Literature DB >> 12568740

Metabolic flux analysis of Escherichia coli K12 grown on 13C-labeled acetate and glucose using GC-MS and powerful flux calculation method.

Jiao Zhao1, Kazuyuki Shimizu.   

Abstract

A new algorithm was developed for the estimation of the metabolic flux distribution based on GC-MS data of proteinogenic amino acids. By using a sensitive GC-MS protocol as well as by combining the global search algorithm such as the genetic algorithm with the local search algorithm such as the Levenberg-Marquardt algorithm, not only the distribution of the net fluxes in the entire network, but also certain exchange fluxes which contribute significantly to the isotopomer distribution could be quantified. This mass isotopomer analysis could identify the biochemical changes involved in the regulation where acetate or glucose was used as a main carbon source.
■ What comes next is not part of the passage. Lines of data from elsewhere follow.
theorem lemma4p8:
  fixes P :: "'a set" and L :: "'a set set" and G :: "('a \<Rightarrow> 'a) set"
    and C :: "'a set set" and k d c :: nat
  assumes "linear_space P L"
    and "\<forall>l\<in>L. card l = k"
    and "2 < k" and "k < card P"
    and "aut_subgroup P L G"
    and "line_transitive L G"
    and "G_invariant_partition P G C"
    and "card C = d" and "\<forall>X\<in>C. card X = c"
    and "1 < c" and "c < card P"
    and "induced_contains_Alt G C"
  shows "\<forall>l\<in>L. Lcm ((\<lambda>i. d choose dcount C l i) ` {1..k}) dvd card L"
proof
  fix l assume "l \<in> L"
  interpret line_transitive_partition P L G C k c
    using assms by unfold_locales
  show "Lcm ((\<lambda>i. d choose dcount C l i) ` {1..k}) dvd card L"
    using choose_dcount_dvd_card_lines[OF assms(12) \<open>l \<in> L\<close>] assms(8)
    by (auto intro: Lcm_least)
qed

end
The metabolic flux analysis clearly revealed that when the specific growth rate increased, only a slight change in flux distribution was observed for acetate metabolism, indicating that subtle regulation mechanism exists in certain key junctions of this network system. Different from acetate metabolism, when glucose was used as a carbon source, as the growth rate increased, a significant increase in relative pentose phosphate pathway (PPP) flux was observed for Escherichia coli K12 at the expense of the citric acid cycle, suggesting that when growing on glucose, the flux catalyzed by isocitrate dehydrogenase could not fully fulfill the NADPH demand for cell growth, causing the oxidative PPP to be utilized to a larger extent so as to complement the NADPH demand. The GC-MS protocol as well as the new algorithm demonstrated here proved to be a powerful tool for characterizing metabolic regulation and can be utilized for strain improvement and bioprocess optimization. Copyright 2002 Elsevier Science B.V.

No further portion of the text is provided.